The final part of the render passes API is the framebuffer. The framebuffer encapsulates the actual textures that will be used as attachments in the render pass. The framebuffer must use exactly same number of attachments as the render pass, and the the texture view formats must match exactly the corresponding render pass attachment formats. To create a framebuffer, prepare FramebufferDesc structure and call IRenderDevice::CreateFramebuffer method:

ITextureView* pAttachments[] =
{
    pColorBuffer->GetDefaultView(TEXTURE_VIEW_RENDER_TARGET),
    pDepthZBuffer->GetDefaultView(TEXTURE_VIEW_RENDER_TARGET),
    pDepthBuffer->GetDefaultView(TEXTURE_VIEW_DEPTH_STENCIL),
    pDstRenderTarget
};
 
FramebufferDesc FBDesc;
FBDesc.Name            = "G-buffer framebuffer";
FBDesc.pRenderPass     = m_pRenderPass;
FBDesc.AttachmentCount = _countof(pAttachments);
FBDesc.ppAttachments   = pAttachments;
 
RefCntAutoPtr<IFramebuffer> pFramebuffer;
m_pDevice->CreateFramebuffer(FBDesc, &pFramebuffer);

Using Render Passes

There are three main subpass commands: BeginRenderPass, NextSubpass, and EndRenderPass.

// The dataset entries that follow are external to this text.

lemma independent_insert:
  assumes "independent U E S" "x \<in> U" "\<forall>y\<in>S. \<not> E x y"
  shows "independent U E (insert x S)"
  using assms adj_sym adj_irrefl unfolding independent_def by blast

lemma clique_closed_nbhd: "simplicial U E u \<Longrightarrow> clique E (insert u (nbhd U E u))"
  unfolding simplicial_def clique_def nbhd_def by (auto dest: adj_sym)

lemma simplicial_closed_nbhd_eq:
  assumes u: "simplicial U E u" and w: "simplicial U E w" and wu: "w \<in> insert u (nbhd U E u)"
  shows "insert w (nbhd U E w) = insert u (nbhd U E u)"
proof -
  have "insert w (nbhd U E w) \<subseteq> insert u (nbhd U E u)"
    if "simplicial U E w" "w \<in> insert u (nbhd U E u)" "u \<in> insert w (nbhd U E w)" for u w
    using that unfolding simplicial_def clique_def nbhd_def by (auto dest: adj_sym)
  moreover have "u \<in> insert w (nbhd U E w)"
    using u wu unfolding simplicial_def nbhd_def by (auto dest: adj_sym)
  ultimately show ?thesis using u w wu by blast
qed

lemma simplicial_subset:
  assumes "simplicial U' E w" "U' \<subseteq> U" "nbhd U E w \<subseteq> U'"
  shows "simplicial U E w"
proof -
  have "nbhd U E w = nbhd U' E w" using assms(2,3) unfolding nbhd_def by auto
  then show ?thesis using assms(1,2) unfolding simplicial_def by auto
qed

lemma induced_cycle_C4:
  assumes "{a, b, c, d} \<subseteq> U" "distinct [a, b, c, d]"
    and "E a b" "E b c" "E c d" "E d a" "\<not> E a c" "\<not> E b d"
  shows "induced_cycle U E [a, b, c, d]"
  unfolding induced_cycle_def
proof (intro conjI allI impI)
  fix i j assume "i < length [a, b, c, d]" "j < length [a, b, c, d]"
  then have "i = 0 \<or> i = 1 \<or> i = 2 \<or> i = 3" "j = 0 \<or> j = 1 \<or> j = 2 \<or> j = 3" by auto
  moreover have "E b a" "E c b" "E d c" "E a d" "\<not> E c a" "\<not> E d b"
    using assms(3-) adj_sym by blast+
  moreover have "\<not> E a a" "\<not> E b b" "\<not> E c c" "\<not> E d d" using adj_irrefl by auto
  ultimately show "E ([a, b, c, d] ! i) ([a, b, c, d] ! j) \<longleftrightarrow>
      (j = Suc i mod length [a, b, c, d] \<or> i = Suc j mod length [a, b, c, d])"
    using assms(3-) by (elim disjE; simp)
qed (use assms in auto)

lemma chordal_no_C4:
  assumes "chordal U E" "{a, b, c, d} \<subseteq> U" "distinct [a, b, c, d]"
    and "E a b" "E b c" "E c d" "E d a" "\<not> E a c" "\<not> E b d"
  shows False
  using induced_cycle_C4[OF assms(2-)] assms(1) unfolding chordal_def by force

lemma maximal_independent_max:
  assumes "well_covered U E" "maximal_independent U E M"
  shows "max_independent U E M"
proof -
  obtain S where S: "max_independent U E S" "M \<subseteq> S"
    using assms unfolding well_covered_def maximal_independent_def by blast
  have "S \<subseteq> M"
  proof
    fix x assume "x \<in> S"
    show "x \<in> M"
    proof (rule ccontr)
      assume "x \<notin> M"
      moreover have "x \<in> U" using S \<open>x \<in> S\<close> unfolding max_independent_def independent_def by blast
      ultimately obtain y where "y \<in> M" "E x y" using assms(2) unfolding maximal_independent_def by blast
      then show False using S \<open>x \<in> S\<close> unfolding max_independent_def independent_def by blast
    qed
  qed
  then show ?thesis using S by (simp add: subset_antisym)
qed

lemma independent_extends_maximal:
  assumes "finite U" "independent U E T"
  obtains M where "T \<subseteq> M" "maximal_independent U E M"
proof -
  let ?P = "\<lambda>M. T \<subseteq> M \<and> independent U E M"
  have "card M < card U + 1" if "?P M" for M
    using that card_mono[OF assms(1)] unfolding independent_def by fastforce
  then obtain M where M: "?P M" "\<forall>M'. ?P M' \<longrightarrow> card M' \<le> card M"
    using ex_has_greatest_nat[of ?P T card "card U + 1"] assms(2) by blast
  have "\<exists>y\<in>M. E x y" if x: "x \<in> U - M" for x
  proof (rule ccontr)
    assume "\<not> ?thesis"
    then have "?P (insert x M)" using M x independent_insert by (auto dest: adj_sym)
    then have "card (insert x M) \<le> card M" using M by blast
    then show False using x M independent_finite[OF assms(1), of E M] by simp
  qed
  then show ?thesis using M by (intro that[of M]) (auto simp: maximal_independent_def)
qed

BeginRenderPass as the name suggests begins a render pass and starts the first subpass. To begin a render pass, besides the render pass itself we also need to specify a framebuffer, as well as clear values for all attachments that use ATTACHMENT_LOAD_OP_CLEAR load operation:

BeginRenderPassAttribs RPBeginInfo;
RPBeginInfo.pRenderPass  = m_pRenderPass;
RPBeginInfo.pFramebuffer = pFramebuffer;
 
OptimizedClearValue ClearValues[4];
 
// Color
ClearValues[0].Color[0] = 0.f;
ClearValues[0].Color[1] = 0.f;
ClearValues[0].Color[2] = 0.f;
ClearValues[0].Color[3] = 0.f;
 
// Depth Z
ClearValues[1].Color[0] = 1.f;
ClearValues[1].Color[1] = 1.f;
ClearValues[1].Color[2] = 1.f;
ClearValues[1].Color[3] = 1.f;
 
// Depth buffer
ClearValues[2].DepthStencil.Depth = 1.f;
 
// Final color buffer
ClearValues[3].Color[0] = 0.0625f;
ClearValues[3].Color[1] = 0.0625f;
ClearValues[3].Color[2] = 0.0625f;
ClearValues[3].Color[3] = 0.f;
 
RPBeginInfo.pClearValues        = ClearValues;
RPBeginInfo.ClearValueCount     = _countof(ClearValues);
RPBeginInfo.StateTransitionMode = RESOURCE_STATE_TRANSITION_MODE_TRANSITION;
m_pImmediateContext->BeginRenderPass(RPBeginInfo);

In the first subpass of our render pass, we render the scene. Then we call NextSubpass to move to the lighting subpass and draw the lights. Finally, we call EndRenderPass to finish the render pass:

m_pImmediateContext->BeginRenderPass(RPBeginInfo);
DrawScene();
m_pImmediateContext->NextSubpass();
ApplyLighting();
m_pImmediateContext->EndRenderPass();

A very important aspect of render passes that needs to be mentioned again is that state transitions are not allowed between BeginRenderPass and EndRenderPass calls. The tutorial explicitly transitions all resources it uses to correct state during the initialization:

StateTransitionDesc Barriers[] =
{
    {m_pShaderConstantsCB, RESOURCE_STATE_UNKNOWN, RESOURCE_STATE_CONSTANT_BUFFER, true},
    {m_CubeVertexBuffer, RESOURCE_STATE_UNKNOWN, RESOURCE_STATE_VERTEX_BUFFER, true},
    {m_CubeIndexBuffer, RESOURCE_STATE_UNKNOWN, RESOURCE_STATE_INDEX_BUFFER, true},
    {m_pLightsBuffer, RESOURCE_STATE_UNKNOWN, RESOURCE_STATE_VERTEX_BUFFER, true},
    {m_CubeTextureSRV->GetTexture(), RESOURCE_STATE_UNKNOWN, RESOURCE_STATE_SHADER_RESOURCE, true} //
};
m_pImmediateContext->TransitionResourceStates(_countof(Barriers), Barriers);

and then uses RESOURCE_STATE_TRANSITION_MODE_VERIFY mode with every call that requires state transition mode.